◆ What you need to do: Check every line below for the word "else" and copy the ones that have it.

◆ Data extracted from a collection:
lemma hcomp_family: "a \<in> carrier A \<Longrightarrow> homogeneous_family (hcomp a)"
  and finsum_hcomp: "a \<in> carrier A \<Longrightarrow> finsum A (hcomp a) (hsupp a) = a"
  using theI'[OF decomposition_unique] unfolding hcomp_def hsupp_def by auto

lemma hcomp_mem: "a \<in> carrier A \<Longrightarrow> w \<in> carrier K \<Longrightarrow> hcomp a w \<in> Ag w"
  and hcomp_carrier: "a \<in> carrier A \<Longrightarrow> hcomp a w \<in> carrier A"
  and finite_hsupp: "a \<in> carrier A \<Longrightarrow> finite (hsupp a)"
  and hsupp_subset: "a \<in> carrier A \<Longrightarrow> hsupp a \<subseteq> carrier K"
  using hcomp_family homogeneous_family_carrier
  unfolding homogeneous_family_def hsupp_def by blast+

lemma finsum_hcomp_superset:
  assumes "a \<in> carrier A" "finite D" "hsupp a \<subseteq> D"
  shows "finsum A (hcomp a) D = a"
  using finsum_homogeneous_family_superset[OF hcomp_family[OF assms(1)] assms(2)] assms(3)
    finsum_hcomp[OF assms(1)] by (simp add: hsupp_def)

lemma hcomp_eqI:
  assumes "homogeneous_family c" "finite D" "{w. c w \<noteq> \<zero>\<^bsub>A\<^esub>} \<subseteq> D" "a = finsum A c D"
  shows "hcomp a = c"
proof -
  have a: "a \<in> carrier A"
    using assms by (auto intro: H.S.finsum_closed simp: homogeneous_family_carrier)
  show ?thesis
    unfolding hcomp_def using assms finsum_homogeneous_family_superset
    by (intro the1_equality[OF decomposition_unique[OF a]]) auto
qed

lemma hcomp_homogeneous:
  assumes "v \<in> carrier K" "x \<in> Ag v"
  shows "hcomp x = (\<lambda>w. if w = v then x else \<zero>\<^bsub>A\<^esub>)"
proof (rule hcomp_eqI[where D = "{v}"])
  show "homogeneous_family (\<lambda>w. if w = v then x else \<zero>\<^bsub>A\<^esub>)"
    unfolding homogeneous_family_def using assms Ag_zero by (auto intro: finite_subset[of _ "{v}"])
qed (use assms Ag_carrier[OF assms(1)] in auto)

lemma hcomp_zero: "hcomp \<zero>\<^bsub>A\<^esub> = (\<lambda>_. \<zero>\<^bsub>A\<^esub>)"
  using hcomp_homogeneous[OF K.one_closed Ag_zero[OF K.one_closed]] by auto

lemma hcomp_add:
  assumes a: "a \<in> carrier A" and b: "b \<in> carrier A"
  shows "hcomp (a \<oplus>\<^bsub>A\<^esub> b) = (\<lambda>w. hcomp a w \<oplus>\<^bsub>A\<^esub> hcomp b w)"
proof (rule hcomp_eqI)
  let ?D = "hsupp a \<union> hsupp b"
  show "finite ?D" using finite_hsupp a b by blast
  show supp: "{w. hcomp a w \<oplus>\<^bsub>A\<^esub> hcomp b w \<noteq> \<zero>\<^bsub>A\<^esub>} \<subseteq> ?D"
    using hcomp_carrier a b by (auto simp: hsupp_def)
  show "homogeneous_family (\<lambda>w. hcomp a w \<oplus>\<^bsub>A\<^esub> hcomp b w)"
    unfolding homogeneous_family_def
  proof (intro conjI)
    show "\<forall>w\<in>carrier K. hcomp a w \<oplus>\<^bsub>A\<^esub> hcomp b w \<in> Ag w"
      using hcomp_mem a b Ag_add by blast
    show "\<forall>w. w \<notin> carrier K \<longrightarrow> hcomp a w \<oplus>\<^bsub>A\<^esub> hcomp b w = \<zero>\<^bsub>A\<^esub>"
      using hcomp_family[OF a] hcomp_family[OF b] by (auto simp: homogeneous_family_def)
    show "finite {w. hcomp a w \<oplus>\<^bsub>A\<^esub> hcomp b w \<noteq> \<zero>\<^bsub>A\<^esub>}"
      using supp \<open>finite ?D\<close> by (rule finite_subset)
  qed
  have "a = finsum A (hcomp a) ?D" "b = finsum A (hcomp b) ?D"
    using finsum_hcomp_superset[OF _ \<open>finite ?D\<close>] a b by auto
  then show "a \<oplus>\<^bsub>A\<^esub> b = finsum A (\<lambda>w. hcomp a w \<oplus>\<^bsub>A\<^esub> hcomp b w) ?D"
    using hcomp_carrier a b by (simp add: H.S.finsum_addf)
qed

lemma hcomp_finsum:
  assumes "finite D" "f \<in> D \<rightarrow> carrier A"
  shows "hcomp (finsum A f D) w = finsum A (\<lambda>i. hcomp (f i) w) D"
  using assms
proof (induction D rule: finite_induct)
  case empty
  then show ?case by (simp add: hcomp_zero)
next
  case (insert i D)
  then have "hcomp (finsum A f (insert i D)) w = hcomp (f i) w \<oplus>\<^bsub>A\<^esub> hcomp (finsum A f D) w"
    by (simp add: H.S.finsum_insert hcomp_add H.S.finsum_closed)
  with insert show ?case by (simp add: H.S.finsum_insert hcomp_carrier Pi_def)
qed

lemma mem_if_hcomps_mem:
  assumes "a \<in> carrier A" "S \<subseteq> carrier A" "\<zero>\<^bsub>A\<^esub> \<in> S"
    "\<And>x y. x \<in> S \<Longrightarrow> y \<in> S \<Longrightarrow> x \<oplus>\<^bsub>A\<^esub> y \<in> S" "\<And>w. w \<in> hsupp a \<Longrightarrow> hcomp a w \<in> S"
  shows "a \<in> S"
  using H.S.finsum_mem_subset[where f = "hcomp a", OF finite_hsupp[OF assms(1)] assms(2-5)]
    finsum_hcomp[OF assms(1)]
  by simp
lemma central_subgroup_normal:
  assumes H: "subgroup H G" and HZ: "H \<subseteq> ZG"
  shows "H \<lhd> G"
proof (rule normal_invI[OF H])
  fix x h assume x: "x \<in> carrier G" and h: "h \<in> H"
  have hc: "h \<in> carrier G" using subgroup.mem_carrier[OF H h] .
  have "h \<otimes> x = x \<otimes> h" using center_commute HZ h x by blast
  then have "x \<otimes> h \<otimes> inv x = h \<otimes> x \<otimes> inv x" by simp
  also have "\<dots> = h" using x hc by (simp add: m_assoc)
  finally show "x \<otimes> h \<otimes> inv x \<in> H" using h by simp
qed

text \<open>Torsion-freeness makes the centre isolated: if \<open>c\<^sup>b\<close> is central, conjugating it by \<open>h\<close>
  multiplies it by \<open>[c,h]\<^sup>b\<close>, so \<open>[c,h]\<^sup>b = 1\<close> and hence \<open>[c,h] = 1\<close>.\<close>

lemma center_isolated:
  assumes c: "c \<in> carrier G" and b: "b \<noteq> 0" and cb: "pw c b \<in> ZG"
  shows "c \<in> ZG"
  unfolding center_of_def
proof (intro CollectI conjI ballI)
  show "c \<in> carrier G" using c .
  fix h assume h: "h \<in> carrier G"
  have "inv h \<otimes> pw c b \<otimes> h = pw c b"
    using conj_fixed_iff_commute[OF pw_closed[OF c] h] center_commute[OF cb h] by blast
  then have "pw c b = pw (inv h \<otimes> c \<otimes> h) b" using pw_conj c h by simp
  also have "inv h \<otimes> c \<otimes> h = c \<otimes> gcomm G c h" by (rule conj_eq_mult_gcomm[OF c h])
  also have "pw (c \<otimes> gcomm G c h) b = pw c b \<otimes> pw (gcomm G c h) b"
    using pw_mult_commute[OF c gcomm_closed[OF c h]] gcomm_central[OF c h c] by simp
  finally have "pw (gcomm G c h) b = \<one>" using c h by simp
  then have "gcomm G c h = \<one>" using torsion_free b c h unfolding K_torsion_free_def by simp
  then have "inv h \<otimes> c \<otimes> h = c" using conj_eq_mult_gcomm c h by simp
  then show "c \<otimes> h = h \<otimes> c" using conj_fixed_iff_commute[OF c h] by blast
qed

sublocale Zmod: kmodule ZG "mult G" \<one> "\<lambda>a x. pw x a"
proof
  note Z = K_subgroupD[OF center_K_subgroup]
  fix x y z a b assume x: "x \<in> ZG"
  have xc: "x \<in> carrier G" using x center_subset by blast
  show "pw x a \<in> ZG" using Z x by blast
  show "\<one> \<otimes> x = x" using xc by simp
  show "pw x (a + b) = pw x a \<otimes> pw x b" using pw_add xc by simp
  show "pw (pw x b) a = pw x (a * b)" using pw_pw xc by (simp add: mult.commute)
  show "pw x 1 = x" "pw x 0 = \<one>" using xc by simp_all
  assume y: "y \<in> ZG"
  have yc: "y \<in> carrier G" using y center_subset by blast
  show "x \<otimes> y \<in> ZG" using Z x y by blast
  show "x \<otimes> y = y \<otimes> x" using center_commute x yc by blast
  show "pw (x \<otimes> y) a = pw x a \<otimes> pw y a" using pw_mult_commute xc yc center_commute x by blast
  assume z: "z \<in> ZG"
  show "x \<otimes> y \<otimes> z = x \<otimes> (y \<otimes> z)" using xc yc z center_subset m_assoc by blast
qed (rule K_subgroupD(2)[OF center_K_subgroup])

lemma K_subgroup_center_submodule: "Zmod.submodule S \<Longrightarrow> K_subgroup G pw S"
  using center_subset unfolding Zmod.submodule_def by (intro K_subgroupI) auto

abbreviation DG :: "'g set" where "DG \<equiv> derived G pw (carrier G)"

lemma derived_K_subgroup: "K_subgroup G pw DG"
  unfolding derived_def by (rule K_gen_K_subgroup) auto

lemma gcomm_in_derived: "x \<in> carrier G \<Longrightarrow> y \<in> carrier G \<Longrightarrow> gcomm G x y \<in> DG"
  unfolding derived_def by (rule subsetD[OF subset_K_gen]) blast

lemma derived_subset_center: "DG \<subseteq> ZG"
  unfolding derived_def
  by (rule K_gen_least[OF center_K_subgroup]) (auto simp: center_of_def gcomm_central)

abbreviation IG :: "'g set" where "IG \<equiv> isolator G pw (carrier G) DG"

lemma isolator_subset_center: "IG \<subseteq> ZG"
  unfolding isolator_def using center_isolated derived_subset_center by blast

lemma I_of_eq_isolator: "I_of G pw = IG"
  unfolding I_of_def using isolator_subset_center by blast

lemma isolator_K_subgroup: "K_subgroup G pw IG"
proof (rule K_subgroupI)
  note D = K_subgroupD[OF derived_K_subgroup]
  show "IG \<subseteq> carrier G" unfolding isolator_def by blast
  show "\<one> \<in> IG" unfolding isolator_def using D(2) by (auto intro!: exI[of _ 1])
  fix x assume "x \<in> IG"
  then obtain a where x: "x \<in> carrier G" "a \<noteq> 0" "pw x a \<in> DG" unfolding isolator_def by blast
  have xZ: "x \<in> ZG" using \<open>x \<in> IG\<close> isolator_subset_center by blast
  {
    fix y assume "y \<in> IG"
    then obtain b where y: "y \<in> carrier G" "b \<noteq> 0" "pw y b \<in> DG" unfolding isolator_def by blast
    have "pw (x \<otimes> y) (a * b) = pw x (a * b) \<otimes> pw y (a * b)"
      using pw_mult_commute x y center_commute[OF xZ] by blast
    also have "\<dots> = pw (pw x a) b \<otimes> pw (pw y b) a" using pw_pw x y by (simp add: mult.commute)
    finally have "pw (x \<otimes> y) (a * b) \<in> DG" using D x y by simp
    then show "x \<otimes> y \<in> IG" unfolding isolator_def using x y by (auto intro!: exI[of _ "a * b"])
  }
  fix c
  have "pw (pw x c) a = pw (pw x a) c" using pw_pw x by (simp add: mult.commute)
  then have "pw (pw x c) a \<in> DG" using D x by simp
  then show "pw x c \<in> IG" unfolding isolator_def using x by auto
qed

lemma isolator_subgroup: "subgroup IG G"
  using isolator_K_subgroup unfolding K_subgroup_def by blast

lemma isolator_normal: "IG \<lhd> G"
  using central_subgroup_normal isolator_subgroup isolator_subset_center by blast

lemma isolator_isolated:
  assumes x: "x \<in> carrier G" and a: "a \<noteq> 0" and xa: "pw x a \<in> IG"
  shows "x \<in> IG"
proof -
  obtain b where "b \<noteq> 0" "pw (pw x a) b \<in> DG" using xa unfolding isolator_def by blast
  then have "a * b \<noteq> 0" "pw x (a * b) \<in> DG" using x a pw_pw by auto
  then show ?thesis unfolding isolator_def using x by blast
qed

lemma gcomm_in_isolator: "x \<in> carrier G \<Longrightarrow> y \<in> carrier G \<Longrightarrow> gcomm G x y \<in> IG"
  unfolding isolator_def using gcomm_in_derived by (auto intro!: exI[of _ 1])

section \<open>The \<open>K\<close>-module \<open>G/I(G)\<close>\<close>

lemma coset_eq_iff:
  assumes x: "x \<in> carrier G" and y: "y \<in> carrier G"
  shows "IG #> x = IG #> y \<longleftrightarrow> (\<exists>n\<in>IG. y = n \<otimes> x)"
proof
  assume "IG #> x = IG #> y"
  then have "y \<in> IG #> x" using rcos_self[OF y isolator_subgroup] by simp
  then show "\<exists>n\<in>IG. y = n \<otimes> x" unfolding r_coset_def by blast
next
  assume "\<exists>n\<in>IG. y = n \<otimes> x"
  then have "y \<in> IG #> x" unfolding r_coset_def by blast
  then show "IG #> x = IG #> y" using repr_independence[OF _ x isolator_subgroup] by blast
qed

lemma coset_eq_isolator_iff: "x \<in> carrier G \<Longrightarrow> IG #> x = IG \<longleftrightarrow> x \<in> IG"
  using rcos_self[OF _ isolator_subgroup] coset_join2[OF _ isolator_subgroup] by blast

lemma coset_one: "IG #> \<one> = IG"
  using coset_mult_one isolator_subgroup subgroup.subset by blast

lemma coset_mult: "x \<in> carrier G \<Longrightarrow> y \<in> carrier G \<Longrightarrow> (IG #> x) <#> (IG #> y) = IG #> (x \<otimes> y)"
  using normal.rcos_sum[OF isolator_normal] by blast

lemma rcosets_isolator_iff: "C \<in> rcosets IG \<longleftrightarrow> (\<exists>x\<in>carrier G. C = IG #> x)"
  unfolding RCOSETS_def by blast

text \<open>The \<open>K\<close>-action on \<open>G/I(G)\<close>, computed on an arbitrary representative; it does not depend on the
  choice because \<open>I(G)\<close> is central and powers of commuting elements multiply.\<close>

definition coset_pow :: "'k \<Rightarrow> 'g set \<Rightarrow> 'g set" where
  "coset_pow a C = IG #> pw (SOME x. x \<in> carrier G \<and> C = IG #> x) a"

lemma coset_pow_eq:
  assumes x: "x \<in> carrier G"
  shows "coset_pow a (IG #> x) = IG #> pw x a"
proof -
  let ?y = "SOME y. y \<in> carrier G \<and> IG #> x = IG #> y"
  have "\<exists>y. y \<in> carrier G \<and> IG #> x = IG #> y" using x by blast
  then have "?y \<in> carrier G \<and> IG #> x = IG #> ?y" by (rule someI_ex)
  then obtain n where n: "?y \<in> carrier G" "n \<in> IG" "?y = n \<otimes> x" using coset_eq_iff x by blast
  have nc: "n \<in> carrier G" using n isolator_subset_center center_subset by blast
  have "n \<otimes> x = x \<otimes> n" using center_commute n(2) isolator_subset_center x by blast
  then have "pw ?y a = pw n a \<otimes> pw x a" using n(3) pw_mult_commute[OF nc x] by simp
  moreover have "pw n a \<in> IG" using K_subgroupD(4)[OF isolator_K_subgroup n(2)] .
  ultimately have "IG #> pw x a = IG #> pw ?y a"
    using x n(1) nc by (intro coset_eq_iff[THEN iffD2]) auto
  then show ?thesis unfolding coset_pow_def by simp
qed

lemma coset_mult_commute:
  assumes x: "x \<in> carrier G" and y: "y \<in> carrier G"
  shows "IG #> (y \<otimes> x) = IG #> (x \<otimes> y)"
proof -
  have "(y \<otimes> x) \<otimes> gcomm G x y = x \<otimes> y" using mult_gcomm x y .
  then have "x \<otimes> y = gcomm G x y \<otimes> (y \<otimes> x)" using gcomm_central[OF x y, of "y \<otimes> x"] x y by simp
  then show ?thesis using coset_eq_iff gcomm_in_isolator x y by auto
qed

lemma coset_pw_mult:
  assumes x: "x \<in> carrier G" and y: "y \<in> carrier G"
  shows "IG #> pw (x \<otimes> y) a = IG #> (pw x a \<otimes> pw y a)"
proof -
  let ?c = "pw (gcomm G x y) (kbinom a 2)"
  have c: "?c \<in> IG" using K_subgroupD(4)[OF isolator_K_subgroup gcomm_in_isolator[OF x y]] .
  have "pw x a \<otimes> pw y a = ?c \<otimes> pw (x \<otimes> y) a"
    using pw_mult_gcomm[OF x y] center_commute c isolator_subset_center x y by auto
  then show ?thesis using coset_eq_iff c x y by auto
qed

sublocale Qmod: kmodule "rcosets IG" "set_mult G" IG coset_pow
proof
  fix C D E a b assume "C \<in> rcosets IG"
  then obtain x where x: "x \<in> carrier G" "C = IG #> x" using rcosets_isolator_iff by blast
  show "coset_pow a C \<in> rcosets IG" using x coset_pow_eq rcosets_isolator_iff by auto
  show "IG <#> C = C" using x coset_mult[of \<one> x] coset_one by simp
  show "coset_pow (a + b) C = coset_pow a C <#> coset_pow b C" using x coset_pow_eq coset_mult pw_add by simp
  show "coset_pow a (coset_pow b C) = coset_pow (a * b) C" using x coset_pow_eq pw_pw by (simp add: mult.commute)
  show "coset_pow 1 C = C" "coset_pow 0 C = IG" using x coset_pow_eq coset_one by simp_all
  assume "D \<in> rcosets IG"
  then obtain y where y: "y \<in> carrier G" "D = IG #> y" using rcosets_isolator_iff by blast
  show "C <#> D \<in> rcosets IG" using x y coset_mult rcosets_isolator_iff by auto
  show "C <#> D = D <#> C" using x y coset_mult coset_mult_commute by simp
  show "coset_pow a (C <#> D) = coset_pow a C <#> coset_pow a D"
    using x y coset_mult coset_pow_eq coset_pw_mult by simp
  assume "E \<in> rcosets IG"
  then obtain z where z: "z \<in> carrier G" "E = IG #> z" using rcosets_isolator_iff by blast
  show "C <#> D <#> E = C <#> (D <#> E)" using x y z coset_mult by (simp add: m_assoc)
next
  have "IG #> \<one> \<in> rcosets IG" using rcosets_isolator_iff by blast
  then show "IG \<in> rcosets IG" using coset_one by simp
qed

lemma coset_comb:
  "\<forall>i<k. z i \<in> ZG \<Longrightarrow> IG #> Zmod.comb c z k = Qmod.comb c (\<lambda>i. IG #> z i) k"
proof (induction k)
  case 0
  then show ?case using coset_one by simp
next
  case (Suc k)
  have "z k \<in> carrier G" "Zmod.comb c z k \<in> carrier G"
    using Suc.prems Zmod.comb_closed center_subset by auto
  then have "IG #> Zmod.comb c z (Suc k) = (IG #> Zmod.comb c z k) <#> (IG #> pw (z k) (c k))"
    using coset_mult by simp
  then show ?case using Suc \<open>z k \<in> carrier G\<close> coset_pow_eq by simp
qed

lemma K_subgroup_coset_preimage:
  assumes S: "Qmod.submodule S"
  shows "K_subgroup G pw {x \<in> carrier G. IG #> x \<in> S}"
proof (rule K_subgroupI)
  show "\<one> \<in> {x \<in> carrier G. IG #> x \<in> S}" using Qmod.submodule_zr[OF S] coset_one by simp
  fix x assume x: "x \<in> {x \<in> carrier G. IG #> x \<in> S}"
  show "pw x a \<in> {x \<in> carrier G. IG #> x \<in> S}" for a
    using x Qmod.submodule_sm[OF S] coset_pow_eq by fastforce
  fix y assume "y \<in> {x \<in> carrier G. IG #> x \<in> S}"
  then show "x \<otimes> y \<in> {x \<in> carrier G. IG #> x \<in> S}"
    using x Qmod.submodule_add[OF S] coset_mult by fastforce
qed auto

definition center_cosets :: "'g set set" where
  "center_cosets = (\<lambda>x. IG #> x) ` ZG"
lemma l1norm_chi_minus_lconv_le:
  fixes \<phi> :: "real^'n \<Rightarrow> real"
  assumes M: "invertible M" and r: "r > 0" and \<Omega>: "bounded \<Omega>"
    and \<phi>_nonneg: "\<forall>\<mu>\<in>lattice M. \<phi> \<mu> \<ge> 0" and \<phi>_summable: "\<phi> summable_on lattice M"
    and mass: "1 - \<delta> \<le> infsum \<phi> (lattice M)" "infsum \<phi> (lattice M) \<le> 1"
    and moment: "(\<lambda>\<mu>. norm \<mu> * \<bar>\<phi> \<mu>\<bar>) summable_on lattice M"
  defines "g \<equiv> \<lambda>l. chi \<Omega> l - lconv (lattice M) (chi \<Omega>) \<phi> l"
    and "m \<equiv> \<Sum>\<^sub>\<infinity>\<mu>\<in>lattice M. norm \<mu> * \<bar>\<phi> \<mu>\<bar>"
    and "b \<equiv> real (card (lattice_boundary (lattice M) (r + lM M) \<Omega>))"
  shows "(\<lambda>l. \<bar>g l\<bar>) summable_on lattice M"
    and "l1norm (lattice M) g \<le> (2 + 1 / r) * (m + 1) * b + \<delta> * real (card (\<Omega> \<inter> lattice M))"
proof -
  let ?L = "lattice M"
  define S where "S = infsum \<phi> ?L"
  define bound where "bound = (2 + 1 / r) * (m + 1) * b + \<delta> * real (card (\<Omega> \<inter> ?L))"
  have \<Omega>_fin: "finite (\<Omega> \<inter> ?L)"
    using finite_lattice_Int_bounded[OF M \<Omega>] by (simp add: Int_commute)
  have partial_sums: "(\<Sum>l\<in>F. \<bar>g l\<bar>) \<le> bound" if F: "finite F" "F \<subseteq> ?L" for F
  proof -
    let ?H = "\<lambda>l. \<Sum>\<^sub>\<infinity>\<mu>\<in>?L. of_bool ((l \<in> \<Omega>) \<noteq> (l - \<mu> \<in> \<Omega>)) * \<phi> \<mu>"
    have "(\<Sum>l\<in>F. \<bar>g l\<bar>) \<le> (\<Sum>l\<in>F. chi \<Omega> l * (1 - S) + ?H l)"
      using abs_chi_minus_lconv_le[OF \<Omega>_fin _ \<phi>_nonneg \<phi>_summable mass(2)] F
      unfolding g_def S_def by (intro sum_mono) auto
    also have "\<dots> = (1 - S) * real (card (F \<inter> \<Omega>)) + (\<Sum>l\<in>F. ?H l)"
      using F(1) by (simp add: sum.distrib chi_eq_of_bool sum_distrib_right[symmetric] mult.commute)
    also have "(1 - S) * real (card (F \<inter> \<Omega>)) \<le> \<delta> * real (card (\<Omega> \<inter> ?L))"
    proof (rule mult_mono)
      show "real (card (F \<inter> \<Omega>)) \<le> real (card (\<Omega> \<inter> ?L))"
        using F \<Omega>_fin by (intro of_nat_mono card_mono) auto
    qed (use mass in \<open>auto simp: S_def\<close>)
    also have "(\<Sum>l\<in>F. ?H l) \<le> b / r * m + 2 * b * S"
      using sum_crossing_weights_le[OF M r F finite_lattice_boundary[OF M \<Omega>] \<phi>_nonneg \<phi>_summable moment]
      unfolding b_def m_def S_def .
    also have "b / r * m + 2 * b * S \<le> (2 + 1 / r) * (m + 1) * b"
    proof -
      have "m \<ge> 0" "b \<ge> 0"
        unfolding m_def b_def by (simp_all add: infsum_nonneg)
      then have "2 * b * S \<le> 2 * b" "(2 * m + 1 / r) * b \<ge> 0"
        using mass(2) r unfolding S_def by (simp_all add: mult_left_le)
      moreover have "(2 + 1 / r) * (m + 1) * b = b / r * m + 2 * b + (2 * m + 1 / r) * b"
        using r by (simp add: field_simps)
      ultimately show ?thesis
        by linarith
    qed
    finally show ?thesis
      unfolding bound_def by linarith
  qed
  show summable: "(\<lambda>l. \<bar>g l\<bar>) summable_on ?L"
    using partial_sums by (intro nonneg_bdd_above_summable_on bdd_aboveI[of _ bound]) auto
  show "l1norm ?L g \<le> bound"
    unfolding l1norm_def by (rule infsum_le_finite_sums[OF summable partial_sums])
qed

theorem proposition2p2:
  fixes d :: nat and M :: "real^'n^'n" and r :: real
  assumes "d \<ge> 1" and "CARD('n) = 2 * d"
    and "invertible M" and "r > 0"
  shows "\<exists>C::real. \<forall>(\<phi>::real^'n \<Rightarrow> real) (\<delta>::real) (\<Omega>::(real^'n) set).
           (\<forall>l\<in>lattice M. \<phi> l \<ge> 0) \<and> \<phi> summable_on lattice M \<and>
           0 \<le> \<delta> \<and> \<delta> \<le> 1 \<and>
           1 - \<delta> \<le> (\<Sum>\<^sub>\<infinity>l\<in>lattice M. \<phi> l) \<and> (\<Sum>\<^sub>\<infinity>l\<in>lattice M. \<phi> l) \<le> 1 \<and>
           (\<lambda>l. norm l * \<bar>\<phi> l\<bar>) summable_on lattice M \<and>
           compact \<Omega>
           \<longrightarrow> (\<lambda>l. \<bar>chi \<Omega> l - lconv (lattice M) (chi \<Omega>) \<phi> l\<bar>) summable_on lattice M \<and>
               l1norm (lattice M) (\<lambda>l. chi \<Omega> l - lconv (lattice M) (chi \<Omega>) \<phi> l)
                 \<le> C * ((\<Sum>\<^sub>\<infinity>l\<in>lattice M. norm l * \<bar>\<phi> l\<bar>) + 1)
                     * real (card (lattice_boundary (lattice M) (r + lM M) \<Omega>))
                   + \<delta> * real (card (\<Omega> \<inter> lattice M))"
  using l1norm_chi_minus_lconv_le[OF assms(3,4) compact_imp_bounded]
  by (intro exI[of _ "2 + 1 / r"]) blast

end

◆ Exercise answer:
  shows "hcomp x = (\<lambda>w. if w = v then x else \<zero>\<^bsub>A\<^esub>)"
  show "homogeneous_family (\<lambda>w. if w = v then x else \<zero>\<^bsub>A\<^esub>)"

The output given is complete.